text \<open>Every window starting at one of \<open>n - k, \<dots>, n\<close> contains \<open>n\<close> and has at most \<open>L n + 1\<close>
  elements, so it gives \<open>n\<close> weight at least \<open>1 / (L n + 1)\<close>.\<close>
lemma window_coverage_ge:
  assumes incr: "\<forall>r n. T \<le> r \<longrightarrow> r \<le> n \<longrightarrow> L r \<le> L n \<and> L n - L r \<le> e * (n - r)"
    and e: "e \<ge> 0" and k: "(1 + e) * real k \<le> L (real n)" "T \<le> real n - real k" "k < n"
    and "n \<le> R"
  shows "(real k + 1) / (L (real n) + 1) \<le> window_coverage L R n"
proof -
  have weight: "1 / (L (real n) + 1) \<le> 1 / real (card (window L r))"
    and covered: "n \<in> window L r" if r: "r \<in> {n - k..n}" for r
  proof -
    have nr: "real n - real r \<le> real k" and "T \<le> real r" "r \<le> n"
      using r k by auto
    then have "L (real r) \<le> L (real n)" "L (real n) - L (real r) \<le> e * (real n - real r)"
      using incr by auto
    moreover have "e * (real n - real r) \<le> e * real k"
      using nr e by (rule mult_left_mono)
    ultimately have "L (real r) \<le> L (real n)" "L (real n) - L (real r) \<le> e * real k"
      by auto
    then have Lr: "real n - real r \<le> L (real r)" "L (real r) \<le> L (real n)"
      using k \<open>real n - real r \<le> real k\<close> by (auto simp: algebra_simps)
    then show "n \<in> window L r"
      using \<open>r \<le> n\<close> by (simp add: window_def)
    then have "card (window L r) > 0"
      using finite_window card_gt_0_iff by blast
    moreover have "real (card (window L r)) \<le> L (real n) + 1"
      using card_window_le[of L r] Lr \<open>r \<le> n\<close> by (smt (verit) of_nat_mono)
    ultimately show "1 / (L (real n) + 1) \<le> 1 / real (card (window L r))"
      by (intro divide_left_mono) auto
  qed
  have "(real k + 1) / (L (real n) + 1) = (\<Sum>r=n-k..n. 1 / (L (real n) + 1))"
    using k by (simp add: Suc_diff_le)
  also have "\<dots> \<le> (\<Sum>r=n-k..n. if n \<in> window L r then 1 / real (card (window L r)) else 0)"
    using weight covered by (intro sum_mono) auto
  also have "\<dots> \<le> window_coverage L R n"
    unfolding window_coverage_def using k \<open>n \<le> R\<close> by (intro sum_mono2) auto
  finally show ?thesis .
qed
= = = = = = =
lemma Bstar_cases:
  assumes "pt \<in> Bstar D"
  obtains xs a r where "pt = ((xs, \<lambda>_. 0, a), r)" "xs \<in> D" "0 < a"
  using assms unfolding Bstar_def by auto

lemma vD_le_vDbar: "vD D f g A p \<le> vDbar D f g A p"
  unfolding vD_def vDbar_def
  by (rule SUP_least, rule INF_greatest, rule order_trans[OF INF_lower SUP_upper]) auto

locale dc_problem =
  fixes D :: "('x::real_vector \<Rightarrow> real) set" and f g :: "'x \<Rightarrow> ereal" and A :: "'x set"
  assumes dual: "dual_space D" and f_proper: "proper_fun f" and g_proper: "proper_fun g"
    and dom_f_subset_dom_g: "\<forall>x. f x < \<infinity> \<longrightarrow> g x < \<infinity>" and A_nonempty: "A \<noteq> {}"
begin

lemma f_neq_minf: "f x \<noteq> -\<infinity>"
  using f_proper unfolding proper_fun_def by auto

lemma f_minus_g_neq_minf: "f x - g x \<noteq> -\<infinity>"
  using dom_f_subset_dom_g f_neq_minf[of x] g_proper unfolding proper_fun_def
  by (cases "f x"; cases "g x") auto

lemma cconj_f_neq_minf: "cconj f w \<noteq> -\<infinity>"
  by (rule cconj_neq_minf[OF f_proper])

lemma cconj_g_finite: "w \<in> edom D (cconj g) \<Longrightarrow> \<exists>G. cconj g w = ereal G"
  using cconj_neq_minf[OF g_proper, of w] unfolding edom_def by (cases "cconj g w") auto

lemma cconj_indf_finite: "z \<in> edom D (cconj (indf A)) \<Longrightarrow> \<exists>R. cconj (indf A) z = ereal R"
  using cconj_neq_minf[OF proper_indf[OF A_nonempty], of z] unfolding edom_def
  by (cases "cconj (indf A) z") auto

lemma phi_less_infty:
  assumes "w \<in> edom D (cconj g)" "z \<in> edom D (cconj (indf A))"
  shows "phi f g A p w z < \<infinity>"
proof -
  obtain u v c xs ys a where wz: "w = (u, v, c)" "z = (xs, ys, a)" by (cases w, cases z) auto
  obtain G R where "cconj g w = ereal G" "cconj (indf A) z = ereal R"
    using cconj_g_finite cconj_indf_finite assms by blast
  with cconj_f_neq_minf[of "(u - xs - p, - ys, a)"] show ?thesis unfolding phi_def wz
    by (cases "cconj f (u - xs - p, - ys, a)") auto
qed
= = = = = = =
> [Try it]:
Each line that mentions the string "forall" must be copied from the listing.

> [Solved exercise]:
  assumes incr: "\<forall>r n. T \<le> r \<longrightarrow> r \<le> n \<longrightarrow> L r \<le> L n \<and> L n - L r \<le> e * (n - r)"
    and dom_f_subset_dom_g: "\<forall>x. f x < \<infinity> \<longrightarrow> g x < \<infinity>" and A_nonempty: "A \<noteq> {}"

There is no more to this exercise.